Exercise directions: Copy exactly the lines of the records below, and only those lines, beginning with the line that contains "unfolding det_2 mtrace_2x2" and ending with the line that contains "matrix_left_right_inverse by blast".

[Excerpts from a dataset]
◇ ◇ ◇ ◇ ◇

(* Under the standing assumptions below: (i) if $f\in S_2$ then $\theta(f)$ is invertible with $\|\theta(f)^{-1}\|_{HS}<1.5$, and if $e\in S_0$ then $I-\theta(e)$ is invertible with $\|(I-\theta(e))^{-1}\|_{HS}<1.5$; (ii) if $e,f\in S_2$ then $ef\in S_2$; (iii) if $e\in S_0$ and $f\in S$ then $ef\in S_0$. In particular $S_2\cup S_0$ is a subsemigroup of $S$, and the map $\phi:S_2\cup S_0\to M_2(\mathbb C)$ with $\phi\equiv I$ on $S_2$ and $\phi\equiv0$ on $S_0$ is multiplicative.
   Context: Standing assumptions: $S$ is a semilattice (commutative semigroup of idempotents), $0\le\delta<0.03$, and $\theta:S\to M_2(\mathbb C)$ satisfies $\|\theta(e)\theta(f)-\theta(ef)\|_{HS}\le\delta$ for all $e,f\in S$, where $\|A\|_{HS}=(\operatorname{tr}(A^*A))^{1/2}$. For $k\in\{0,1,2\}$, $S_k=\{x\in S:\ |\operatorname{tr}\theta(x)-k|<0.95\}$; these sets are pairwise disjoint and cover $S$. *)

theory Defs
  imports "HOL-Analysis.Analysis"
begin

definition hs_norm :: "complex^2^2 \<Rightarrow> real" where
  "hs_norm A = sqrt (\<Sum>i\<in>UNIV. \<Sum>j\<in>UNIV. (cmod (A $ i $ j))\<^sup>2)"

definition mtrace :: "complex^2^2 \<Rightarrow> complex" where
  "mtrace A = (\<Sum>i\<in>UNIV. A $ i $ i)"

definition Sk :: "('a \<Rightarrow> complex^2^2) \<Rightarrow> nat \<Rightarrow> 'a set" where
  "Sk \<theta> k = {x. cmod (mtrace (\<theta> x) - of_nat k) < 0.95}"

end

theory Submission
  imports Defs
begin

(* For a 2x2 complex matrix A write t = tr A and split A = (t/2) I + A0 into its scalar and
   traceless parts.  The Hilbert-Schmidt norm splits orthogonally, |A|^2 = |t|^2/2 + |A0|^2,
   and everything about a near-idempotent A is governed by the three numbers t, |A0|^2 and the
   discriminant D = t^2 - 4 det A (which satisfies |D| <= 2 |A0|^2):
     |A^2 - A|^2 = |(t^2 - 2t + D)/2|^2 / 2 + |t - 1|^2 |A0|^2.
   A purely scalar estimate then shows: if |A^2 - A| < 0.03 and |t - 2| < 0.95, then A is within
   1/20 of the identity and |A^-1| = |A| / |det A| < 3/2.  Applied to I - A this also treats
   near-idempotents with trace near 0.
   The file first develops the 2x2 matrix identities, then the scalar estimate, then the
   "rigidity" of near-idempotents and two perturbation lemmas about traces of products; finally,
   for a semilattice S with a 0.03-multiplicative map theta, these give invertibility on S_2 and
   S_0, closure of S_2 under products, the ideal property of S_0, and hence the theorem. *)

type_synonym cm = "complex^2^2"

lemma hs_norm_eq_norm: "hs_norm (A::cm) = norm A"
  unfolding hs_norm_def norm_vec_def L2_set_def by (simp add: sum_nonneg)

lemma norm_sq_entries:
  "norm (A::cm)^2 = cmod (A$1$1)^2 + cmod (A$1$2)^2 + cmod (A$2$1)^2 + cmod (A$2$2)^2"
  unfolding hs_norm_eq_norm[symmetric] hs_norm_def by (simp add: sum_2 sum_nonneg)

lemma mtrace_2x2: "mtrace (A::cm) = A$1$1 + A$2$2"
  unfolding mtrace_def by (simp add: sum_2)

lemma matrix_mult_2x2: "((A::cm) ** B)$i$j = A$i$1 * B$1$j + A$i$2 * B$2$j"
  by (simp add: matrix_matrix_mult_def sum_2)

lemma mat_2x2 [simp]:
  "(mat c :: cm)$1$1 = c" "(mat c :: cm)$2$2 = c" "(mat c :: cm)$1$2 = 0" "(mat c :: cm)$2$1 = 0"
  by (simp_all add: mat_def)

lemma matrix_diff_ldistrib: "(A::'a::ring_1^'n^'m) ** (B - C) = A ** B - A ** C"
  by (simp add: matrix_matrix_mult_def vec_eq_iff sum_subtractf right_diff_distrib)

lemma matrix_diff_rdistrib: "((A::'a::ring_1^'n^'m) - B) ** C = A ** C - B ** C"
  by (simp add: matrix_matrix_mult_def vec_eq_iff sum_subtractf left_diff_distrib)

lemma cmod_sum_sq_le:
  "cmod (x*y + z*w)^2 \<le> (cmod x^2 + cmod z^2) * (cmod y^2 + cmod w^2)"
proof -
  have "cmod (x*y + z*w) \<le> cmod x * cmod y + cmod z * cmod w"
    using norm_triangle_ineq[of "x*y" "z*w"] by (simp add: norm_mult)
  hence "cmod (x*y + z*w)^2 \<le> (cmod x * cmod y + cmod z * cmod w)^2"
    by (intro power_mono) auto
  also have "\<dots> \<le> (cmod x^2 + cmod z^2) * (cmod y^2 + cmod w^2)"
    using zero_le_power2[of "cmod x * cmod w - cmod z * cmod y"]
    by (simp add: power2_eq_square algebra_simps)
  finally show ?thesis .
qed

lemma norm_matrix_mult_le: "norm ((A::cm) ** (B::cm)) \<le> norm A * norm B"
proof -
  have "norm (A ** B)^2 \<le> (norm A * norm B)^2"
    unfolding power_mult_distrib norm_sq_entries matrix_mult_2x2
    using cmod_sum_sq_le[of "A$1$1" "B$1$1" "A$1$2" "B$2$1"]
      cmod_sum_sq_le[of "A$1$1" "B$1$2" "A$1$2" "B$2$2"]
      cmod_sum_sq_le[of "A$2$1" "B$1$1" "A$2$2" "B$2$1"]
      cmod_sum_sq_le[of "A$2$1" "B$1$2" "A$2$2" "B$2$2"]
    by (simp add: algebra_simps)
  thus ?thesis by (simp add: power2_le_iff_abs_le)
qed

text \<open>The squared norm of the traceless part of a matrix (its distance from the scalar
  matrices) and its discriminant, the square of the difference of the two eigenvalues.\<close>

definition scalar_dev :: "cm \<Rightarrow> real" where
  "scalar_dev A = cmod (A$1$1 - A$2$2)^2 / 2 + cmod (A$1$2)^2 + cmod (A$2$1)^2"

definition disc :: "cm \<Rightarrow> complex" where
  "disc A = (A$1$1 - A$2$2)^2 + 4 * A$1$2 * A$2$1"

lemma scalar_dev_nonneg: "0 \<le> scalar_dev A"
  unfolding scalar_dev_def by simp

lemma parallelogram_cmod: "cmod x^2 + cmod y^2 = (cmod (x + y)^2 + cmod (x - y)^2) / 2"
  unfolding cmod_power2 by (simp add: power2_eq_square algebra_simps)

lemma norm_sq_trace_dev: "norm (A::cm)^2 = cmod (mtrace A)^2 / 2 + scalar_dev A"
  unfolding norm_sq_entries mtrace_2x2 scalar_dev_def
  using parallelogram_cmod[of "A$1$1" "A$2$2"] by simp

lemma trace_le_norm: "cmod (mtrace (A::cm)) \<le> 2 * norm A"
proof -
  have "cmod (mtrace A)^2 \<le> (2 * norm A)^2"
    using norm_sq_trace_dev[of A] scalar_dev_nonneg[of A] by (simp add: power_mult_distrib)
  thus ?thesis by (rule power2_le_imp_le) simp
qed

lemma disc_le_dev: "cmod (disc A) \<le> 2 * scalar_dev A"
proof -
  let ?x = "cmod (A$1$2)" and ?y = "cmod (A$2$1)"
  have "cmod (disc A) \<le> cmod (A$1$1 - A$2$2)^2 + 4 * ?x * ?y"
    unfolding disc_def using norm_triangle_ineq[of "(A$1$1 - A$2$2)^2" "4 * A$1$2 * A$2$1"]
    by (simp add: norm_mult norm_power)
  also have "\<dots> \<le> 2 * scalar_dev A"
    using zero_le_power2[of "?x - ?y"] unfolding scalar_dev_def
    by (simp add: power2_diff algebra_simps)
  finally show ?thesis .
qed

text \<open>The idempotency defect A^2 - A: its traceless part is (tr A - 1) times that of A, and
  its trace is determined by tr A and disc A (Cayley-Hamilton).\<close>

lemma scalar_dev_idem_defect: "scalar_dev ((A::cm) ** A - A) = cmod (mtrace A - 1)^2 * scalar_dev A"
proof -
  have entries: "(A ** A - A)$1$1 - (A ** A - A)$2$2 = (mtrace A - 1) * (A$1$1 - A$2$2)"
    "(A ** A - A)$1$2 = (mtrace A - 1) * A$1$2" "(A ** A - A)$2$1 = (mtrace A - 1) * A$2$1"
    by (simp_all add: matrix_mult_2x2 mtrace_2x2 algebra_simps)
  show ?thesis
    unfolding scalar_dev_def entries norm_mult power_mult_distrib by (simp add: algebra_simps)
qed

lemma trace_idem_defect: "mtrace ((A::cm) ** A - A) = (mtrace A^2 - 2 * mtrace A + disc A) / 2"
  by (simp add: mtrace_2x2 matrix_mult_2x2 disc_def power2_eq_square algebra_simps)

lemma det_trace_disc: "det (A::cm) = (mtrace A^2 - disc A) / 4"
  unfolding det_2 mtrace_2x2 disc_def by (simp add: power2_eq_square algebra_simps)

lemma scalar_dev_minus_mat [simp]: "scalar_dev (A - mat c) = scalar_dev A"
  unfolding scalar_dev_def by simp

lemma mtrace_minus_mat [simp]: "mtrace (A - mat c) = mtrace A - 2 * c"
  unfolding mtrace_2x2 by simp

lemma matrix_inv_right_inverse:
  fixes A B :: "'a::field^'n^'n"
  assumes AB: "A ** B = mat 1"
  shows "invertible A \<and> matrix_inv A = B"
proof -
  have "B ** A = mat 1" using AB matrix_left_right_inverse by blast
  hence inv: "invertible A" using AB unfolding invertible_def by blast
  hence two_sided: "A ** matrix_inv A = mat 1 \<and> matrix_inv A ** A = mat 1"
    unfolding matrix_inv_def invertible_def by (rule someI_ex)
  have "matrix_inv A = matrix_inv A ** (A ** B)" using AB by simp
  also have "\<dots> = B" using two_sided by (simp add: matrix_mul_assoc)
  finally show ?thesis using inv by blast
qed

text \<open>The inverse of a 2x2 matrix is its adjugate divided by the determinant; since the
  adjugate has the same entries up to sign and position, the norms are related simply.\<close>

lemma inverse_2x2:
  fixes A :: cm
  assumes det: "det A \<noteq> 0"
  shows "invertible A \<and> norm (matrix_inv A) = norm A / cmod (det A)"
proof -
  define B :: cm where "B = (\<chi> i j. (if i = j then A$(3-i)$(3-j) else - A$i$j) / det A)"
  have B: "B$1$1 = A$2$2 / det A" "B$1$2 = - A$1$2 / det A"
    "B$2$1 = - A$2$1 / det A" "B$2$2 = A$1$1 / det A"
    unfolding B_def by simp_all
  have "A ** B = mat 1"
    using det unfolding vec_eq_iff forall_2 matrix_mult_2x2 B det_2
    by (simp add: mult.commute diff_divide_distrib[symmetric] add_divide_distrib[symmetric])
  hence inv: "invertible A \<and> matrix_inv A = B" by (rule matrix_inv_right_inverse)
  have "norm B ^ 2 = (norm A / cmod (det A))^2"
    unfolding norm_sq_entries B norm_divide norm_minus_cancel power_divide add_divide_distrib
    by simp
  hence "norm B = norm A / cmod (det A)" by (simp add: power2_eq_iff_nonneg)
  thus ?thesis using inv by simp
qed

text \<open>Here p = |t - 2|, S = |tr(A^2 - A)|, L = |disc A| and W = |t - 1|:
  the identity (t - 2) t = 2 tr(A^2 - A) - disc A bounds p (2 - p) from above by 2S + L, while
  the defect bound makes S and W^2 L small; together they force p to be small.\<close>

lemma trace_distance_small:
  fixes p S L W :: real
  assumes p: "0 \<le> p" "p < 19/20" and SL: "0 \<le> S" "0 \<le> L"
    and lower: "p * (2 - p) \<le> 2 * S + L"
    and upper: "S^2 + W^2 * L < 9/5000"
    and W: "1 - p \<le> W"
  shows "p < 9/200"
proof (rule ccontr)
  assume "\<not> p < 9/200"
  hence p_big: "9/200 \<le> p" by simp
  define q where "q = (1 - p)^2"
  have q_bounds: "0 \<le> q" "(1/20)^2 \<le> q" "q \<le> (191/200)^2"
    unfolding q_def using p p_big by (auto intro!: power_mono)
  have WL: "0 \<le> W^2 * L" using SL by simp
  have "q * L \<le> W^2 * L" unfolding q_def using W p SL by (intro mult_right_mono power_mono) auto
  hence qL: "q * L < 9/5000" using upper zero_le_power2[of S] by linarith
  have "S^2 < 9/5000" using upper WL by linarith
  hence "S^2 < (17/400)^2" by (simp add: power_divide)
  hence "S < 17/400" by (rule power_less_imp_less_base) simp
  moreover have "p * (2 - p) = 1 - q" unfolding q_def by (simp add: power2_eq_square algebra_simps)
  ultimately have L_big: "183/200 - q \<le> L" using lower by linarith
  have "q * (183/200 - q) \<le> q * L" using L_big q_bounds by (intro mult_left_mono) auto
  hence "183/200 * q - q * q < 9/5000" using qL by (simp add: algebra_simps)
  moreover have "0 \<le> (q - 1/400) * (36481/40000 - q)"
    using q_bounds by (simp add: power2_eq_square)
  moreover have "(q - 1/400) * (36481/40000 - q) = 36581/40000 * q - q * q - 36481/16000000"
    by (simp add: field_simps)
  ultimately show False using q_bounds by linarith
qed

◇ ◇ ◇ ◇ ◇

Solution for this problem:
  unfolding det_2 mtrace_2x2 disc_def by (simp add: power2_eq_square algebra_simps)

lemma scalar_dev_minus_mat [simp]: "scalar_dev (A - mat c) = scalar_dev A"
  unfolding scalar_dev_def by simp

lemma mtrace_minus_mat [simp]: "mtrace (A - mat c) = mtrace A - 2 * c"
  unfolding mtrace_2x2 by simp

lemma matrix_inv_right_inverse:
  fixes A B :: "'a::field^'n^'n"
  assumes AB: "A ** B = mat 1"
  shows "invertible A \<and> matrix_inv A = B"
proof -
  have "B ** A = mat 1" using AB matrix_left_right_inverse by blast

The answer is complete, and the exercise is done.